DeepSeek: What lies under the bonnet of the new AI chatbot?

DeepSeek: What lies under the bonnet of the new AI chatbot?

Getty Images A woman looks a phone with the DeepSeek logo in the background (Credit: Getty Images)

Tumbling stock market values and bold claims have followed the release of a new AI chatbot by a small Chinese company. What makes it so unique?

The launch of China's new DeepSeek AI-powered chatbot app has shaken the tech industry. It quickly surpassed OpenAI's ChatGPT to become the most-downloaded free iOS app in the US and led to chip-making company Nvidia losing nearly $600 billion (£483 billion) in market value in a single day—a new record for the US stock market.

What's causing all this excitement? The "large language model" (LLM) powering the app has reasoning abilities similar to US models like OpenAI's, but reportedly costs much less to train and operate. DeepSeek claims they achieved this by using several technical strategies that reduced both the computation time needed to train their model (called R1) and the memory required to store it. This reduction in overheads led to significant cost savings, according to DeepSeek. R1's base model V3 reportedly took 2.788 million hours to train (using many graphical processing units – GPUs – simultaneously) at an estimated cost of under $6 million (£4.8 million), compared to the more than $100 million (£80 million) that OpenAI's CEO Sam Altman says was needed to train GPT-4.

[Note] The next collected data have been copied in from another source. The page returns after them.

definition embed_feasible ::
  "nat \<Rightarrow> real \<Rightarrow> (nat \<Rightarrow> nat \<Rightarrow> real) \<Rightarrow> bool" where
  "embed_feasible N xi v \<longleftrightarrow>
     (\<forall>i\<in>{1..N}. sqdist (2*N) (v i) (v (N + i)) \<ge> xi) \<and>
     (\<Sum>i\<in>{1..2*N}. sqnorm (2*N) (v i)) = 1"

definition embed_obj ::
  "nat \<Rightarrow> (nat \<times> nat) set \<Rightarrow> (nat \<times> nat) set \<Rightarrow> real \<Rightarrow> real \<Rightarrow> (nat \<Rightarrow> nat \<Rightarrow> real) \<Rightarrow> real" where
  "embed_obj N E1 E2 c xi v = c * xi + (\<Sum>(i,j)\<in>E1 \<union> E2. sqdist (2*N) (v i) (v j))"

definition embed_optimal ::
  "nat \<Rightarrow> (nat \<times> nat) set \<Rightarrow> (nat \<times> nat) set \<Rightarrow> real \<Rightarrow> real \<Rightarrow> (nat \<Rightarrow> nat \<Rightarrow> real) \<Rightarrow> bool" where
  "embed_optimal N E1 E2 c xi v \<longleftrightarrow> embed_feasible N xi v \<and>
     (\<forall>xi' v'. embed_feasible N xi' v' \<longrightarrow> embed_obj N E1 E2 c xi' v' \<le> embed_obj N E1 E2 c xi v)"

end

theory Submission
  imports Defs "HOL-Analysis.Analysis"
begin

text \<open>The semidefinite program and the embedding problem have the same optimal value \<open>g\<close>.
  The inequality \<open>\<lambda>\<^sub>n\<^sup>* \<le> g\<close> is a minimax argument. For unit-norm embeddings \<open>V\<close> the vectors
  \<open>\<Phi>(V)\<^sub>i = \<Sum>\<^bsub>E\<^sub>1\<union>E\<^sub>2\<^esub> |V\<^sub>a - V\<^sub>b|\<^sup>2 + c |V\<^sub>i - V\<^bsub>N+i\<^esub>|\<^sup>2 - g\<close> form a compact convex family:
  \<open>\<Phi>(V)\<close> depends only on the Gram matrix of \<open>V\<close>, and Householder reflections realise every
  convex combination of Gram matrices of \<open>n\<close> vectors by \<open>n\<close> vectors in \<open>\<real>\<^sup>n\<close>. Optimality of the
  embedding gives every \<open>\<Phi>(V)\<close> a nonpositive coordinate, so separation yields probability
  weights \<open>\<omega>\<close> with \<open>\<omega> \<cdot> \<Phi>(V) \<le> \<delta>\<close> for all \<open>V\<close>; testing them on one-dimensional embeddings
  shows that \<open>w = c\<omega>\<close> is feasible with value \<open>g + \<delta>\<close>. Conversely, the quadratic form of the
  negative semidefinite matrix \<open>L(w\<^sup>*) - \<lambda>\<^sub>n\<^sup>* I\<close>, summed over the columns of the optimal
  embedding, is at least \<open>g - \<lambda>\<^sub>n\<^sup>* \<ge> 0\<close>. Hence every column, and every linear combination of
  the columns, is a null vector of \<open>L(w\<^sup>*) - \<lambda>\<^sub>n\<^sup>* I\<close>.\<close>

section \<open>Gram matrices in fixed dimension\<close>

lemma dependent_if_card_gt_support:
  fixes u :: "nat \<Rightarrow> nat \<Rightarrow> real"
  assumes "finite J" and "card J > m" and "\<forall>k\<in>J. \<forall>a. a \<notin> {1..m} \<longrightarrow> u k a = 0"
  shows "\<exists>q. (\<exists>k\<in>J. q k \<noteq> 0) \<and> (\<forall>a. (\<Sum>k\<in>J. q k * u k a) = 0)"
  using assms
proof (induction m arbitrary: J u)
  case 0
  then obtain k0 where "k0 \<in> J" by fastforce
  with 0 show ?case
    by (intro exI[of _ "\<lambda>k. if k = k0 then 1 else 0"]) auto
next
  case (Suc m)
  show ?case
  proof (cases "\<forall>k\<in>J. u k (Suc m) = 0")
    case True
    then have "\<forall>k\<in>J. \<forall>a. a \<notin> {1..m} \<longrightarrow> u k a = 0"
      using Suc.prems(3) by (metis atLeastAtMost_iff le_Suc_eq)
    then show ?thesis using Suc.IH[of J u] Suc.prems by auto
  next
    case False
    then obtain j where j: "j \<in> J" "u j (Suc m) \<noteq> 0" by blast
    define J' where "J' = J - {j}"
    \<comment> \<open>Gaussian elimination of the last coordinate against the pivot \<open>u j\<close>.\<close>
    define u' where "u' = (\<lambda>k a. u k a - u k (Suc m) / u j (Suc m) * u j a)"
    have J': "finite J'" "card J' > m" using Suc.prems j unfolding J'_def by auto
    have "\<forall>k\<in>J'. \<forall>a. a \<notin> {1..m} \<longrightarrow> u' k a = 0"
    proof (intro ballI allI impI)
      fix k a assume "k \<in> J'" and a: "a \<notin> {1..m}"
      then show "u' k a = 0"
        using Suc.prems(3) j unfolding u'_def J'_def
        by (cases "a = Suc m") auto
    qed
    from Suc.IH[OF J' this] obtain q' where
      q': "\<exists>k\<in>J'. q' k \<noteq> 0" "\<forall>a. (\<Sum>k\<in>J'. q' k * u' k a) = 0" by blast
    define q where
      "q = (\<lambda>k. if k = j then - (\<Sum>l\<in>J'. q' l * u l (Suc m)) / u j (Suc m) else q' k)"
    have "(\<Sum>k\<in>J. q k * u k a) = 0" for a
    proof -
      have "(\<Sum>k\<in>J. q k * u k a) = q j * u j a + (\<Sum>k\<in>J'. q k * u k a)"
        using j Suc.prems(1) unfolding J'_def by (simp add: sum.remove)
      also have "(\<Sum>k\<in>J'. q k * u k a) = (\<Sum>k\<in>J'. q' k * u k a)"
        unfolding q_def J'_def by (intro sum.cong) auto
      also have "q j * u j a = - (\<Sum>k\<in>J'. q' k * (u k (Suc m) / u j (Suc m) * u j a))"
        unfolding q_def by (simp add: sum_distrib_right sum_divide_distrib mult.assoc)
      also have "- (\<Sum>k\<in>J'. q' k * (u k (Suc m) / u j (Suc m) * u j a)) + (\<Sum>k\<in>J'. q' k * u k a)
          = (\<Sum>k\<in>J'. q' k * u' k a)"
        unfolding u'_def by (simp add: sum_subtractf[symmetric] right_diff_distrib)
      finally show ?thesis using q'(2) by simp
    qed
    moreover have "\<exists>k\<in>J. q k \<noteq> 0" using q'(1) unfolding q_def J'_def by auto
    ultimately show ?thesis by blast
  qed
qed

Even though Nvidia's market value took a hit, the DeepSeek models were trained on about 2,000 Nvidia H800 GPUs, according to a research paper released by the company. These chips are a modified version of the widely used H100 chip, designed to meet export regulations to China. They were likely stockpiled before the Biden administration further tightened restrictions in October 2023, effectively banning Nvidia from exporting the H800s to China. Given these limitations, DeepSeek likely had to find innovative ways to make the most effective use of the resources available.

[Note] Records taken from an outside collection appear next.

text \<open>Since \<open>c\<^sub>j > m(m - j)\<close>, already \<open>c\<^sub>j\<^sup>2\<close> exceeds \<open>N(c\<^sub>j) = 1 + j\<^sup>2(m - j)\<close>.\<close>
lemma field_norm_orbit_coord_less:
  assumes "j < m"
  shows "field_norm lam (orbit_coord j) < orbit_coord j powr r"
proof -
  define d where "d = real m - real j"
  have d: "d \<ge> 1" using assms unfolding d_def by linarith
  have "real m * d < lam * (lam - real j)"
    using lam_bounds d unfolding d_def by (intro mult_strict_mono) auto
  hence c_gt: "real m * d < orbit_coord j" unfolding orbit_coord_def by (simp add: algebra_simps power2_eq_square)
  have md: "real j + 1 \<le> real m" using assms by linarith
  have "(real j + 1)^2 * d = (real j)^2 * d + (2 * real j + 1) * d"
    by (simp add: algebra_simps power2_eq_square)
  moreover have "1 \<le> (2 * real j + 1) * d" using d mult_mono[of 1 "2 * real j + 1" 1 d] by simp
  ultimately have "1 + (real j)^2 * d \<le> (real j + 1)^2 * d" by simp
  also have "\<dots> \<le> (real m)^2 * (d * d)"
    using d md by (intro mult_mono power_mono) auto
  also have "\<dots> = (real m * d)^2" by (simp add: power2_eq_square)
  also have "\<dots> < (orbit_coord j)^2"
    using c_gt d m_pos by (intro power_strict_mono) auto
  also have "\<dots> \<le> orbit_coord j powr r"
  proof -
    have "1 \<le> orbit_coord j" using c_gt d m_pos mult_mono[of 1 "real m" 1 d] by simp
    thus ?thesis using powr_mono[of 2 r "orbit_coord j"] two_le_r by (simp add: powr_numeral)
  qed
  finally show ?thesis unfolding field_norms d_def .
qed

lemma orbit_weights:
  assumes "j < m"
  shows "pair_weight r 1 lam < pair_weight r lam (orbit_coord j)"
    and "pair_weight r 1 (orbit_coord j) < pair_weight r lam (orbit_coord j)"
proof -
  define L where "L = lam powr r"
  define Q where "Q = orbit_coord j powr r / field_norm lam (orbit_coord j)"
  have n: "0 < field_norm lam (orbit_coord j)" using field_norm_orbit_coord_pos[OF assms] .
  have "lam powr 0 < lam powr r" using one_less_lam two_le_r by (intro powr_less_mono) auto
  hence L: "L > 1" unfolding L_def using one_less_lam by simp
  have Q: "Q > 1" unfolding Q_def using n field_norm_orbit_coord_less[OF assms] by simp
  have "pair_weight r 1 lam = L" "pair_weight r 1 (orbit_coord j) = Q" "pair_weight r lam (orbit_coord j) = L * Q"
    unfolding pair_weight_def L_def Q_def field_norms(1,2) using n by simp_all
  thus "pair_weight r 1 lam < pair_weight r lam (orbit_coord j)"
    "pair_weight r 1 (orbit_coord j) < pair_weight r lam (orbit_coord j)"
    using L Q by (simp_all add: one_less_mult)
qed

lemma orbit_steps:
  assumes "j < m"
  shows "T (proj 1 lam (orbit_coord j)) = proj 1 lam (orbit_coord (Suc j))"
    and "T (proj lam (orbit_coord j) 1) = proj lam (orbit_coord (Suc j)) 1"
    and "T (proj (orbit_coord j) 1 lam) = proj (orbit_coord (Suc j)) 1 lam"
proof -
  have c: "lam < orbit_coord j" "0 < orbit_coord j" "0 < lam"
    using orbit_coord_gt_lam[OF assms] one_less_lam by auto
  note w = orbit_weights[OF assms] pair_weight_commute
  show "T (proj 1 lam (orbit_coord j)) = proj 1 lam (orbit_coord (Suc j))"
    using T_K_proj(1)[OF in_cubic_field] c w by (simp add: orbit_coord_Suc)
  show "T (proj lam (orbit_coord j) 1) = proj lam (orbit_coord (Suc j)) 1"
    using T_K_proj(2)[OF in_cubic_field(2,3,1)] c w by (simp add: orbit_coord_Suc)
  show "T (proj (orbit_coord j) 1 lam) = proj (orbit_coord (Suc j)) 1 lam"
    using T_K_proj(3)[OF in_cubic_field(3,1,2)] c w by (simp add: orbit_coord_Suc)
qed

lemma orbit_phases:
  "(T ^^ m) (proj 1 lam (orbit_coord 0)) = proj lam (orbit_coord 0) 1"
  "(T ^^ m) (proj lam (orbit_coord 0) 1) = proj (orbit_coord 0) 1 lam"
  "(T ^^ m) (proj (orbit_coord 0) 1 lam) = proj 1 lam (orbit_coord 0)"
proof -
  have last: "lam * orbit_coord m = 1" "lam * lam = orbit_coord 0"
    unfolding orbit_coord_def using lam_cube by (simp_all add: algebra_simps power2_eq_square power3_eq_cube)
  have "lam \<noteq> 0" using one_less_lam by simp
  hence rescale: "proj 1 lam (orbit_coord m) = proj lam (orbit_coord 0) 1"
    "proj lam (orbit_coord m) 1 = proj (orbit_coord 0) 1 lam"
    "proj (orbit_coord m) 1 lam = proj 1 lam (orbit_coord 0)"
    using proj_scale[of lam 1 lam "orbit_coord m"] proj_scale[of lam lam "orbit_coord m" 1]
      proj_scale[of lam "orbit_coord m" 1 lam] last by simp_all
  moreover have "(T ^^ m) (proj 1 lam (orbit_coord 0)) = proj 1 lam (orbit_coord m)"
    by (rule funpow_chain[where g = "\<lambda>j. proj 1 lam (orbit_coord j)"]) (simp add: orbit_steps)
  moreover have "(T ^^ m) (proj lam (orbit_coord 0) 1) = proj lam (orbit_coord m) 1"
    by (rule funpow_chain[where g = "\<lambda>j. proj lam (orbit_coord j) 1"]) (simp add: orbit_steps)
  moreover have "(T ^^ m) (proj (orbit_coord 0) 1 lam) = proj (orbit_coord m) 1 lam"
    by (rule funpow_chain[where g = "\<lambda>j. proj (orbit_coord j) 1 lam"]) (simp add: orbit_steps)
  ultimately show "(T ^^ m) (proj 1 lam (orbit_coord 0)) = proj lam (orbit_coord 0) 1"
    "(T ^^ m) (proj lam (orbit_coord 0) 1) = proj (orbit_coord 0) 1 lam"
    "(T ^^ m) (proj (orbit_coord 0) 1 lam) = proj 1 lam (orbit_coord 0)"
    by simp_all
qed

lemma start_point_period: "(T ^^ (3*m)) (proj 1 lam (orbit_coord 0)) = proj 1 lam (orbit_coord 0)"
  by (simp add: numeral_3_eq_3 funpow_add orbit_phases)

end

end

theorem theorem2p9:
  fixes m :: nat and lam :: real
  assumes "m > 0"
    and "lam ^ 3 - real m * lam ^ 2 - 1 = 0"
  shows "let K = cubic_field lam;
             T = T_K (field_norm lam) (5/2);
             p = (1 / (1 + lam + lam^2), lam / (1 + lam + lam^2))
         in p \<in> DeltaK K \<and>
            (\<exists>m1 n1. m1 > 0 \<and> n1 > 0 \<and> m1 \<noteq> n1 \<and> (T ^^ m1) p = (T ^^ n1) p)"
proof -
  interpret cubic_root m lam using assms by unfold_locales
  let ?T = "T_K (field_norm lam) (5/2)"
  let ?p = "(1 / (1 + lam + lam^2), lam / (1 + lam + lam^2))"
  have "(?T ^^ (3*m)) ?p = ?p"
    unfolding start_point_eq by (rule start_point_period) simp
  hence "(?T ^^ (3*m + 3*m)) ?p = (?T ^^ (3*m)) ?p"
    by (simp only: funpow_add comp_apply)
  hence "\<exists>m1 n1. m1 > 0 \<and> n1 > 0 \<and> m1 \<noteq> n1 \<and> (?T ^^ m1) ?p = (?T ^^ n1) ?p"
    using assms(1) by (intro exI[of _ "3*m + 3*m"] exI[of _ "3*m"]) auto
  thus ?thesis using start_point_in_DeltaK by (simp add: Let_def)
qed

end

Reducing the computational cost of training and running models can also help address concerns about AI's environmental impact. Data centers that run these models use a lot of electricity and water, mainly to prevent servers from overheating. Most tech companies don't reveal the carbon footprint of their models, but a recent estimate suggests ChatGPT emits over 260 tonnes of carbon dioxide per month—equivalent to 260 flights from London to New York. Therefore, making AI models more efficient would be a positive step for the industry from an environmental perspective.